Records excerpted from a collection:
(* Let $(N(t))_{t\ge 0}$ be the continuous-time Markov chain on $\{1,2,3,\dots\}$ in which state $1$ is absorbing, from state $2$ the chain jumps to $1$ at rate $2$ and to $3$ at rate $2$, and from each state $n\ge 3$ it jumps to $n+1$ at rate $n$ and to $n-1$ at rate $n$. Start at $N(0)=2$, let $H_1$ be the hitting time of state $1$, and let $F(t)=\mathrm{P}(H_1\le t)$ (which is the solution of the renewal equation $F(t) = \frac{2t}{(1+t)^{3}} + \int_{0}^{t}\frac{2}{(1+(t-y))^{3}}F(y)\, \mathrm{d} y$), with density $F'$. Then, as $h\to\infty$, \[ \int_0^{h}tF'(t)\,\mathrm{d} t \sim \log(h) \qquad\text{and}\qquad \int_0^{h}t^2F'(t)\,\mathrm{d} t \sim h . \]
   Context: Here $a(h)\sim b(h)$ means $a(h)/b(h)\to 1$ as $h\to\infty$. The chain describes the number of coexisting viral types in a birth–death model with equal birth and death rates (each equal to the current number of types), where a single type cannot die; $H_1$ is the return time from two types to one type. *)

theory Defs
  imports "HOL-Analysis.Analysis" "HOL-Library.Landau_Symbols"
begin

definition renewal_solution :: "(real \<Rightarrow> real) \<Rightarrow> bool" where
  "renewal_solution F \<longleftrightarrow> continuous_on {0..} F \<and>
     (\<forall>t\<ge>0. F t = 2 * t / (1 + t) ^ 3
        + integral {0..t} (\<lambda>y. 2 / (1 + (t - y)) ^ 3 * F y))"

end
lemma tendsto_inv_id_plus:
  fixes Af :: "'a \<Rightarrow> real^'n^'n" and A0 :: "real^'n^'n"
  assumes small: "\<And>z. norm (Af z) \<le> 1/2" "norm A0 \<le> 1/2"
    and lim: "\<And>i j. ((\<lambda>z. Af z $ i $ j) \<longlongrightarrow> A0 $ i $ j) F"
  shows "((\<lambda>z. inv_id_plus (Af z) $ p $ q) \<longlongrightarrow> inv_id_plus A0 $ p $ q) F"
proof -
  have bound: "\<forall>\<^sub>F z in F. norm (inv_id_plus (Af z) $ p $ q - inv_id_plus A0 $ p $ q)
      \<le> (\<Sum>u\<in>UNIV. \<Sum>r\<in>UNIV. 4 * \<bar>A0 $ r $ u - Af z $ r $ u\<bar>)"
    using abs_inv_id_plus_diff_le[OF small(1) small(2)] by (intro always_eventually) simp
  have "((\<lambda>z. \<Sum>u\<in>UNIV. \<Sum>r\<in>UNIV. 4 * \<bar>A0 $ r $ u - Af z $ r $ u\<bar>) \<longlongrightarrow>
        (\<Sum>u\<in>(UNIV::'n set). \<Sum>r\<in>(UNIV::'n set). 4 * \<bar>A0 $ r $ u - A0 $ r $ u\<bar>)) F"
    by (intro tendsto_intros lim)
  then have "((\<lambda>z. \<Sum>u\<in>UNIV. \<Sum>r\<in>UNIV. 4 * \<bar>A0 $ r $ u - Af z $ r $ u\<bar>) \<longlongrightarrow> 0) F"
    by simp
  with bound have "((\<lambda>z. inv_id_plus (Af z) $ p $ q - inv_id_plus A0 $ p $ q) \<longlongrightarrow> 0) F"
    by (rule Lim_null_comparison)
  then show ?thesis by (simp add: LIM_zero_iff)
qed

lemma has_real_derivative_inv_id_plus:
  fixes Af :: "real \<Rightarrow> real^'n^'n" and D :: "real^'n^'n"
  assumes small: "\<And>z. norm (Af z) \<le> 1/2"
    and der: "\<And>i j. ((\<lambda>s. Af s $ i $ j) has_real_derivative D $ i $ j) (at s0)"
  shows "((\<lambda>s. inv_id_plus (Af s) $ p $ q) has_real_derivative
     - (\<Sum>u\<in>UNIV. \<Sum>r\<in>UNIV. inv_id_plus (Af s0) $ p $ r * D $ r $ u * inv_id_plus (Af s0) $ u $ q)) (at s0)"
proof -
  let ?N = "\<lambda>s. inv_id_plus (Af s)"
  have "((\<lambda>h. Af (s0 + h) $ i $ j) \<longlongrightarrow> Af s0 $ i $ j) (at 0)" for i j
    using DERIV_isCont[OF der[of i j]] unfolding isCont_def by (rule LIM_offset_zero)
  then have N_lim: "((\<lambda>h. ?N (s0 + h) $ p $ r) \<longlongrightarrow> ?N s0 $ p $ r) (at 0)" for r
    by (intro tendsto_inv_id_plus small)
  have quotient_lim: "((\<lambda>h. (Af s0 $ r $ u - Af (s0 + h) $ r $ u) / h) \<longlongrightarrow> - D $ r $ u) (at 0)" for r u
    using tendsto_minus[OF der[of r u, unfolded DERIV_def]] by (simp add: minus_divide_left)
  have quotient_eq: "(?N (s0 + h) $ p $ q - ?N s0 $ p $ q) / h =
     (\<Sum>u\<in>UNIV. \<Sum>r\<in>UNIV. ?N (s0 + h) $ p $ r * ((Af s0 $ r $ u - Af (s0 + h) $ r $ u) / h) * ?N s0 $ u $ q)"
    for h
    using inv_id_plus_diff[where A="Af (s0 + h)" and C="Af s0" and p=p and q=q] small
    by (simp add: sum_divide_distrib)
  have "((\<lambda>h. \<Sum>u\<in>UNIV. \<Sum>r\<in>UNIV.
       ?N (s0 + h) $ p $ r * ((Af s0 $ r $ u - Af (s0 + h) $ r $ u) / h) * ?N s0 $ u $ q)
     \<longlongrightarrow> (\<Sum>u\<in>UNIV. \<Sum>r\<in>UNIV. ?N s0 $ p $ r * (- D $ r $ u) * ?N s0 $ u $ q)) (at 0)"
    by (intro tendsto_intros N_lim quotient_lim)
  then show ?thesis
    unfolding DERIV_def quotient_eq[symmetric] by (simp add: sum_negf)
qed

section \<open>Integration over cubes\<close>

definition cube :: "real \<Rightarrow> (real^'n::finite) set" where
  "cube k = cbox (\<chi> i. - k) (\<chi> i. k)"

lemma mem_shifted_cube:
  fixes y c :: "real^'n::finite"
  assumes "norm (y - c) \<le> k"
  shows "y \<in> cbox ((\<chi> i. - k) + c) ((\<chi> i. k) + c)"
proof -
  have "c $ i - k \<le> y $ i \<and> y $ i \<le> k + c $ i" for i
    using component_le_norm_cart[of "y - c" i] assms by (simp add: abs_le_iff)
  then show ?thesis
    unfolding mem_box_cart by simp
qed

lemma mem_cube: "norm (y::real^'n::finite) \<le> k \<Longrightarrow> y \<in> cube k"
  using mem_shifted_cube[of y 0 k] by (simp add: cube_def)

lemma integral_eq_integral_UNIV:
  fixes F :: "real^'n::finite \<Rightarrow> real"
  assumes "\<And>x. x \<notin> S \<Longrightarrow> F x = 0"
  shows "integral S F = integral UNIV F"
proof -
  have "(\<lambda>x. if x \<in> S then F x else 0) = F" using assms by auto
  then show ?thesis using integral_restrict_UNIV[of S F] by simp
qed

lemma integrable_on_cube: "continuous_on UNIV (f::real^'n::finite \<Rightarrow> real) \<Longrightarrow> f integrable_on cube k"
  unfolding cube_def using integrable_continuous continuous_on_subset by blast

lemma integrable_on_subset_cube:
  fixes f :: "real^'n::finite \<Rightarrow> real"
  assumes "continuous_on UNIV f" "A \<subseteq> cube k" "A \<in> sets lebesgue"
  shows "f integrable_on A"
proof -
  have "f absolutely_integrable_on cube k" unfolding cube_def
    by (rule absolutely_integrable_continuous) (use assms continuous_on_subset in blast)
  then show ?thesis
    using set_integrable_subset assms absolutely_integrable_on_def by blast
qed

lemma integral_cube_shift:
  fixes F :: "real^'n::finite \<Rightarrow> real"
  assumes cF: "continuous_on UNIV F" and supp: "\<And>y. \<rho> \<le> norm y \<Longrightarrow> F y = 0" and k: "\<rho> + norm c \<le> k"
  shows "integral (cube k) (\<lambda>x. F (x + c)) = integral UNIV F"
proof -
  let ?K = "cbox ((\<chi> i. - k) + c) ((\<chi> i. k) + c)"
  have "(F has_integral integral ?K F) ?K"
    using cF continuous_on_subset integrable_continuous integrable_integral by blast
  then have "((F \<circ> (+) c) has_integral integral ?K F) (cube k)"
    unfolding cube_def by (simp add: has_integral_shift_cbox_iff)
  moreover have "integral ?K F = integral UNIV F"
  proof (rule integral_eq_integral_UNIV)
    fix x assume "x \<notin> ?K"
    then have "\<not> norm (x - c) \<le> k" using mem_shifted_cube by blast
    moreover have "norm (x - c) \<le> norm x + norm c" by (rule norm_triangle_ineq4)
    ultimately show "F x = 0" using supp k by force
  qed
  ultimately show ?thesis
    by (simp add: o_def add.commute integral_unique)
qed

(* The integral of F(. + s e_a) over the cube is constant for |s| < 1, and the Leibniz rule
   identifies its derivative at s = 0 with the integral of F'. *)
lemma integral_partial_eq_0:
  fixes F F' :: "real^'n::finite \<Rightarrow> real"
  assumes d: "has_partial a F F'" and cF: "continuous_on UNIV F" and cF': "continuous_on UNIV F'"
    and supp: "\<And>y. \<rho> \<le> norm y \<Longrightarrow> F y = 0" and k: "\<rho> + 1 \<le> k"
  shows "integral (cube k) F' = 0"
proof -
  define e :: "real^'n" where "e = axis a 1"
  define \<Phi> where "\<Phi> s = integral (cube k) (\<lambda>x. F (x + s *\<^sub>R e))" for s
  have "\<rho> + norm (s *\<^sub>R e) \<le> k" if "\<bar>s\<bar> \<le> 1" for s
    using that k by (simp add: e_def)
  then have "\<Phi> s = integral UNIV F" if "\<bar>s\<bar> \<le> 1" for s
    unfolding \<Phi>_def using that by (intro integral_cube_shift[OF cF supp]) simp
  then have const: "\<forall>s. \<bar>0 - s\<bar> < 1 \<longrightarrow> \<Phi> 0 = \<Phi> s"
    by simp
  have U: "0 \<in> ball (0::real) 1" "convex (ball (0::real) 1)" by auto
  have "(\<Phi> has_field_derivative integral (cube k) (\<lambda>x. F' (x + 0 *\<^sub>R e))) (at 0 within ball 0 1)"
    unfolding \<Phi>_def cube_def
  proof (rule leibniz_rule_field_derivative[OF _ _ _ U])
    fix s x
    show "((\<lambda>s. F (x + s *\<^sub>R e)) has_field_derivative F' (x + s *\<^sub>R e)) (at s within ball 0 1)"
      using has_partial_along_line[OF d, of x s] unfolding e_def by (rule has_field_derivative_at_within)
  next
    fix s :: real
    have "continuous_on UNIV (\<lambda>x. F (x + s *\<^sub>R e))"
      by (intro continuous_on_compose2[OF cF] continuous_intros) auto
    then show "(\<lambda>x. F (x + s *\<^sub>R e)) integrable_on cbox (\<chi> i. - k) (\<chi> i. k)"
      using integrable_continuous continuous_on_subset by blast
  next
    have "continuous_on UNIV (\<lambda>p::real \<times> (real^'n). F' (snd p + fst p *\<^sub>R e))"
      by (intro continuous_on_compose2[OF cF'] continuous_intros) auto
    then show "continuous_on (ball 0 1 \<times> cbox (\<chi> i. - k) (\<chi> i. k)) (\<lambda>(s, x). F' (x + s *\<^sub>R e))"
      unfolding split_beta using continuous_on_subset by blast
  qed
  then have "(\<Phi> has_field_derivative integral (cube k) F') (at 0)"
    using at_within_open[of 0 "ball (0::real) 1"] by simp
  then show ?thesis using DERIV_local_const[of \<Phi> _ 0 1] const by auto
qed

section \<open>The cut-off function\<close>

lemma vanishes_outside_csupp:
  fixes f :: "real^'n::finite \<Rightarrow> real"
  assumes "csupp f \<subseteq> ball 0 r" "r \<le> norm z"
  shows "f z = 0"
proof (rule ccontr)
  assume "f z \<noteq> 0"
  then have "z \<in> closure {x. f x \<noteq> 0}"
    by (intro closure_subset[THEN subsetD]) simp
  then show False
    using assms unfolding csupp_def by auto
qed

lemma differentiable_imp_continuous_on_UNIV: "(\<And>x. f differentiable (at x)) \<Longrightarrow> continuous_on UNIV f"
  by (simp add: continuous_at_imp_continuous_on differentiable_imp_continuous_within)

lemma bounded_if_continuous_vanishing_outside_ball:
  fixes f :: "real^'n::finite \<Rightarrow> real"
  assumes "continuous_on UNIV f" "\<And>z. r \<le> norm z \<Longrightarrow> f z = 0"
  shows "\<exists>B\<ge>0. \<forall>z. \<bar>f z\<bar> \<le> B"
proof -
  have "compact (f ` cball 0 r)"
    using assms(1) by (intro compact_continuous_image) (auto intro: continuous_on_subset)
  then have "bounded (f ` cball 0 r)" by (rule compact_imp_bounded)
  then obtain B where B: "\<forall>x\<in>f ` cball 0 r. norm x \<le> B"
    unfolding bounded_iff by blast
  have "\<bar>f z\<bar> \<le> \<bar>B\<bar>" for z
  proof (cases "norm z \<le> r")
    case True
    then have "norm (f z) \<le> B" using B by simp
    then show ?thesis by simp
  next
    case False
    then show ?thesis using assms(2)[of z] by simp
  qed
  then show ?thesis by (intro exI[of _ "\<bar>B\<bar>"]) auto
qed

locale cutoff_function =
  fixes c :: real and \<eta> :: "real^'n::finite \<Rightarrow> real"
  assumes cutoff: "cutoff c \<eta>"
begin

definition "\<phi> y = sqrt (\<eta> y)"

lemma eta_differentiable: "\<eta> differentiable (at x)"
proof -
  have "iter_pd [] \<eta> differentiable (at x)" using cutoff unfolding cutoff_def smooth_def by blast
  then show ?thesis by simp
qed

lemma continuous_on_eta: "continuous_on UNIV \<eta>"
  using eta_differentiable differentiable_imp_continuous_on_UNIV by blast

lemma has_partial_eta: "has_partial a \<eta> (pd a \<eta>)"
  using eta_differentiable differentiable_imp_has_partial by blast

lemma continuous_on_pd_eta: "continuous_on UNIV (pd a \<eta>)"
proof (rule differentiable_imp_continuous_on_UNIV)
  fix x
  have "iter_pd [a] \<eta> differentiable (at x)" using cutoff unfolding cutoff_def smooth_def by blast
  then show "pd a \<eta> differentiable (at x)" by simp
qed

lemma eta_range: "0 \<le> \<eta> x" "\<eta> x \<le> 1"
  using cutoff unfolding cutoff_def by auto

lemma eta_eq_0: "2 \<le> norm z \<Longrightarrow> \<eta> z = 0"
  using cutoff vanishes_outside_csupp unfolding cutoff_def by blast

lemma has_partial_phi: "has_partial a \<phi> (pd a \<phi>)"
proof (rule differentiable_imp_has_partial)
  show "\<phi> differentiable (at x)" for x
    using cutoff unfolding cutoff_def \<phi>_def[abs_def] by blast
qed

lemma continuous_on_pd_phi: "continuous_on UNIV (pd a \<phi>)"
proof (rule differentiable_imp_continuous_on_UNIV)
  fix x
  have "smooth (pd a (\<lambda>y. sqrt (\<eta> y)))" using cutoff unfolding cutoff_def by blast
  then have "iter_pd [] (pd a (\<lambda>y. sqrt (\<eta> y))) differentiable (at x)" unfolding smooth_def by blast
  then show "pd a \<phi> differentiable (at x)" by (simp add: \<phi>_def[abs_def])
qed

lemma pd_phi_eq_0: "2 \<le> norm z \<Longrightarrow> pd a \<phi> z = 0"
  using cutoff vanishes_outside_csupp unfolding cutoff_def \<phi>_def[abs_def] by blast
lemma raise_pow_eq_zero_reduce:
  fixes f :: "(nat \<Rightarrow> nat) \<Rightarrow> 'a::field"
  assumes "j < n" and "2 \<le> d j"
    and below_top: "\<And>g :: (nat \<Rightarrow> nat) \<Rightarrow> 'a. g \<in> tgraded n (d(j := d j - 1)) i
      \<Longrightarrow> (raise_op n (d(j := d j - 1)) ^^ m) g = (\<lambda>_. 0) \<Longrightarrow> g = (\<lambda>_. 0)"
    and top: "\<And>g :: (nat \<Rightarrow> nat) \<Rightarrow> 'a. d j - 1 \<le> i
      \<Longrightarrow> g \<in> tgraded n (d(j := 1)) (i - (d j - 1))
      \<Longrightarrow> (raise_op n (d(j := 1)) ^^ m) g = (\<lambda>_. 0) \<Longrightarrow> g = (\<lambda>_. 0)"
    and f: "f \<in> tgraded n d i" and kernel: "(raise_op n d ^^ m) f = (\<lambda>_. 0)"
  shows "f = (\<lambda>_. 0)"
proof -
  have sub: "mon_box n (d(j := d j - 1)) \<subseteq> mon_box n d"
    by (auto simp: mon_box_def)
  have "(raise_op n (d(j := d j - 1)) ^^ m) (restrict_box n (d(j := d j - 1)) f) = (\<lambda>_. 0)"
    using restrict_box_raise_pow[OF sub, of m f] kernel by (simp add: restrict_box_def)
  then have "restrict_box n (d(j := d j - 1)) f = (\<lambda>_. 0)"
    by (rule below_top[OF restrict_box_graded[OF f]])
  then have support: "\<forall>k c. (raise_op n d ^^ k) f c \<noteq> 0 \<longrightarrow> c j = d j - 1"
    using raise_pow_support_top_layer[OF f] by blast
  show ?thesis
  proof (cases "d j - 1 \<le> i")
    case True
    have "top_layer_shift n d j f = (\<lambda>_. 0)"
      using top[OF True top_layer_shift_graded[OF assms(1) f]] kernel
        top_layer_shift_raise_pow[OF assms(1,2) support, of m]
      by (simp add: top_layer_shift_def)
    moreover have "f \<in> trunc_ring n d"
      using f by (simp add: tgraded_def)
    ultimately show ?thesis
      using top_layer_shift_eq_zero support[rule_format, of 0] by (metis funpow_0)
  next
    case False
    then show ?thesis
      using tgraded_top_layer_eq_zero[OF assms(1) f] support[rule_format, of 0] by simp
  qed
qed

section \<open>Injectivity\<close>

lemma sum_pred_fun_upd:
  fixes d :: "nat \<Rightarrow> nat"
  assumes "j < n"
  shows "(\<Sum>l<n. (d(j := v)) l - 1) + (d j - 1) = (\<Sum>l<n. d l - 1) + (v - 1)"
proof -
  have "(\<Sum>l<n. (d(j := v)) l - 1) = sum ((\<lambda>l. d l - 1)(j := v - 1)) {..<n}"
    by (intro sum.cong) auto
  then show ?thesis
    using sum_fun_upd_add[of "{..<n}" j "\<lambda>l. d l - 1" "v - 1"] assms by simp
qed

lemma of_int_Suc_mult_diff_nonzero:
  assumes "\<forall>k. 0 < k \<longrightarrow> k \<le> m \<longrightarrow> (of_nat k :: 'a::field) \<noteq> 0" and "r < m"
  shows "(of_int (int (Suc r) * (int r - int m)) :: 'a) \<noteq> 0"
proof -
  have "(of_int (int (Suc r) * (int r - int m)) :: 'a) = - (of_nat (Suc r) * of_nat (m - r))"
    using assms(2) by (simp add: of_nat_diff algebra_simps)
  moreover have "(of_nat (Suc r) :: 'a) \<noteq> 0" and "(of_nat (m - r) :: 'a) \<noteq> 0"
    using assms(1)[rule_format, of "Suc r"] assms(1)[rule_format, of "m - r"] assms(2) by auto
  ultimately show ?thesis
    by simp
qed

lemma raise_pow_eq_zero_below_middle:
  fixes f :: "(nat \<Rightarrow> nat) \<Rightarrow> 'a::field"
  assumes smaller_boxes: "\<And>d' i' m' (f' :: (nat \<Rightarrow> nat) \<Rightarrow> 'a).
      (\<Sum>j<n. d' j - 1) < (\<Sum>j<n. d j - 1) \<Longrightarrow> \<forall>j<n. d' j > 0 \<Longrightarrow>
      2 * i' + m' \<le> (\<Sum>j<n. d' j - 1) \<Longrightarrow>
      \<forall>k. 0 < k \<longrightarrow> k \<le> i' + m' \<longrightarrow> (of_nat k :: 'a) \<noteq> 0 \<Longrightarrow>
      f' \<in> tgraded n d' i' \<Longrightarrow> (raise_op n d' ^^ m') f' = (\<lambda>_. 0) \<Longrightarrow> f' = (\<lambda>_. 0)"
    and "\<forall>j<n. d j > 0" and below: "2 * i + m < (\<Sum>j<n. d j - 1)"
    and "\<forall>k. 0 < k \<longrightarrow> k \<le> i + m \<longrightarrow> (of_nat k :: 'a) \<noteq> 0"
    and "f \<in> tgraded n d i" and "(raise_op n d ^^ m) f = (\<lambda>_. 0)"
  shows "f = (\<lambda>_. 0)"
proof -
  let ?t = "\<Sum>j<n. d j - 1"
  have "\<exists>j<n. 2 \<le> d j"
  proof (rule ccontr)
    assume "\<not> (\<exists>j<n. 2 \<le> d j)"
    then have "\<forall>l<n. d l - 1 = 0"
      by auto
    then show False
      using below by simp
  qed
  then obtain j where j: "j < n" "2 \<le> d j"
    by blast
  show ?thesis
  proof (rule raise_pow_eq_zero_reduce[OF j _ _ assms(5,6)])
    fix h :: "(nat \<Rightarrow> nat) \<Rightarrow> 'a"
    assume "h \<in> tgraded n (d(j := d j - 1)) i"
      and "(raise_op n (d(j := d j - 1)) ^^ m) h = (\<lambda>_. 0)"
    moreover have "(\<Sum>l<n. (d(j := d j - 1)) l - 1) + 1 = ?t"
      using sum_pred_fun_upd[OF j(1), of d "d j - 1"] j(2) by simp
    ultimately show "h = (\<lambda>_. 0)"
      using smaller_boxes[of "d(j := d j - 1)" i m h] assms(2,4) below j by fastforce
  next
    fix h :: "(nat \<Rightarrow> nat) \<Rightarrow> 'a"
    assume "d j - 1 \<le> i" and "h \<in> tgraded n (d(j := 1)) (i - (d j - 1))"
      and "(raise_op n (d(j := 1)) ^^ m) h = (\<lambda>_. 0)"
    moreover have "(\<Sum>l<n. (d(j := 1)) l - 1) + (d j - 1) = ?t"
      using sum_pred_fun_upd[OF j(1), of d 1] by simp
    ultimately show "h = (\<lambda>_. 0)"
      using smaller_boxes[of "d(j := 1)" "i - (d j - 1)" m h] assms(2,4) below j by fastforce
  qed
qed

lemma raise_pow_eq_zero:
  fixes f :: "(nat \<Rightarrow> nat) \<Rightarrow> 'a::field"
  assumes "\<forall>j<n. d j > 0" and "2 * i + m \<le> (\<Sum>j<n. d j - 1)"
    and "\<forall>k. 0 < k \<longrightarrow> k \<le> i + m \<longrightarrow> (of_nat k :: 'a) \<noteq> 0"
    and "f \<in> tgraded n d i" and "(raise_op n d ^^ m) f = (\<lambda>_. 0)"
  shows "f = (\<lambda>_. 0)"
  using assms
proof (induction "\<Sum>j<n. d j - 1" arbitrary: d i m f rule: less_induct)
  case less
  have below_middle: "g = (\<lambda>_. 0)"
    if "2 * i' + m' < (\<Sum>j<n. d j - 1)"
      "\<forall>k. 0 < k \<longrightarrow> k \<le> i' + m' \<longrightarrow> (of_nat k :: 'a) \<noteq> 0"
      "g \<in> tgraded n d i'" "(raise_op n d ^^ m') g = (\<lambda>_. 0)"
    for i' m' and g :: "(nat \<Rightarrow> nat) \<Rightarrow> 'a"
    using less.hyps less.prems(1) that by (rule raise_pow_eq_zero_below_middle)
  show ?case
  proof (cases "2 * i + m < (\<Sum>j<n. d j - 1)")
    case True
    then show ?thesis
      by (rule below_middle[OF _ less.prems(3-5)])
  next
    case False
    then have middle: "(\<Sum>j<n. d j - 1) = 2 * i + m"
      using less.prems(2) by simp
    have primitive: "lower_op n d f = (\<lambda>_. 0)"
    proof (cases i)
      case 0
      then show ?thesis
        using lower_op_degree_zero less.prems(4) by blast
    next
      case (Suc i')
      show ?thesis
        by (rule below_middle[of i' "Suc m"])
          (use Suc middle less.prems(3) lower_op_graded[OF less.prems(4)]
            raise_pow_lower_eq_zero[OF less.prems(4,1,5)] in auto)
    qed
    have "sl2_weight n d i + int r = int r - int m" for r
      using middle by (simp add: sl2_weight_def)
    moreover have "\<forall>k. 0 < k \<longrightarrow> k \<le> m \<longrightarrow> (of_nat k :: 'a) \<noteq> 0"
      using less.prems(3) by auto
    ultimately have "\<forall>r<m. (of_int (int (Suc r) * (sl2_weight n d i + int r)) :: 'a) \<noteq> 0"
      using of_int_Suc_mult_diff_nonzero by metis
    then show ?thesis
      by (rule primitive_raise_pow_eq_zero[OF less.prems(4,1) primitive less.prems(5)])
  qed
qed

lemma tgraded_diff:
  "f \<in> tgraded n d i \<Longrightarrow> g \<in> tgraded n d i \<Longrightarrow> (\<lambda>c. f c - g c) \<in> tgraded n d i"
  by (auto simp: tgraded_def trunc_ring_def) (metis diff_self)

lemma of_nat_neq_0_below_char: "0 < k \<Longrightarrow> k < CHAR('a) \<Longrightarrow> (of_nat k :: 'a::semiring_1) \<noteq> 0"
  by (auto simp: of_nat_eq_0_iff_char_dvd dest: dvd_imp_le)

theorem theorem2p2:
  fixes n p m i :: nat and d :: "nat \<Rightarrow> nat" and t :: nat
  assumes "CHAR('a::field) = p" and "p > 0"
    and "\<forall>j<n. d j > 0"
    and "t = (\<Sum>j<n. d j - 1)"
    and "m > 0" and "m + t < 2 * p"
    and "2 * i + m \<le> t"
  shows "inj_on (\<lambda>f. tmul n d f (tpow n d (tlin n d :: (nat \<Rightarrow> nat) \<Rightarrow> 'a) m))
           (tgraded n d i)"
proof (rule inj_onI)
  fix f g :: "(nat \<Rightarrow> nat) \<Rightarrow> 'a"
  assume f: "f \<in> tgraded n d i" and g: "g \<in> tgraded n d i"
    and "tmul n d f (tpow n d (tlin n d) m) = tmul n d g (tpow n d (tlin n d) m)"
  moreover have "f \<in> trunc_ring n d" and "g \<in> trunc_ring n d"
    using f g by (simp_all add: tgraded_def)
  ultimately have "(raise_op n d ^^ m) f = (raise_op n d ^^ m) g"
    by (simp add: tmul_tpow_tlin[OF assms(3)])
  then have kernel: "(raise_op n d ^^ m) (\<lambda>c. f c - g c) = (\<lambda>_. 0)"
    by (simp add: raise_pow_diff)
  have "i + m < CHAR('a)"
    using assms(1,4,6,7) by linarith
  then have "\<forall>k. 0 < k \<longrightarrow> k \<le> i + m \<longrightarrow> (of_nat k :: 'a) \<noteq> 0"
    by (meson le_less_trans of_nat_neq_0_below_char)
  then have "(\<lambda>c. f c - g c) = (\<lambda>_. 0)"
    using raise_pow_eq_zero[OF assms(3) _ _ tgraded_diff[OF f g] kernel] assms(4,7) by blast
  then show "f = g"
    by (simp add: fun_eq_iff)
qed

end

**WHAT IS BEING ASKED**
From the data, list each line in which the string "cball" appears.

**SOLUTION FOR THIS EXERCISE**
  have "compact (f ` cball 0 r)"
  then have "bounded (f ` cball 0 r)" by (rule compact_imp_bounded)
  then obtain B where B: "\<forall>x\<in>f ` cball 0 r. norm x \<le> B"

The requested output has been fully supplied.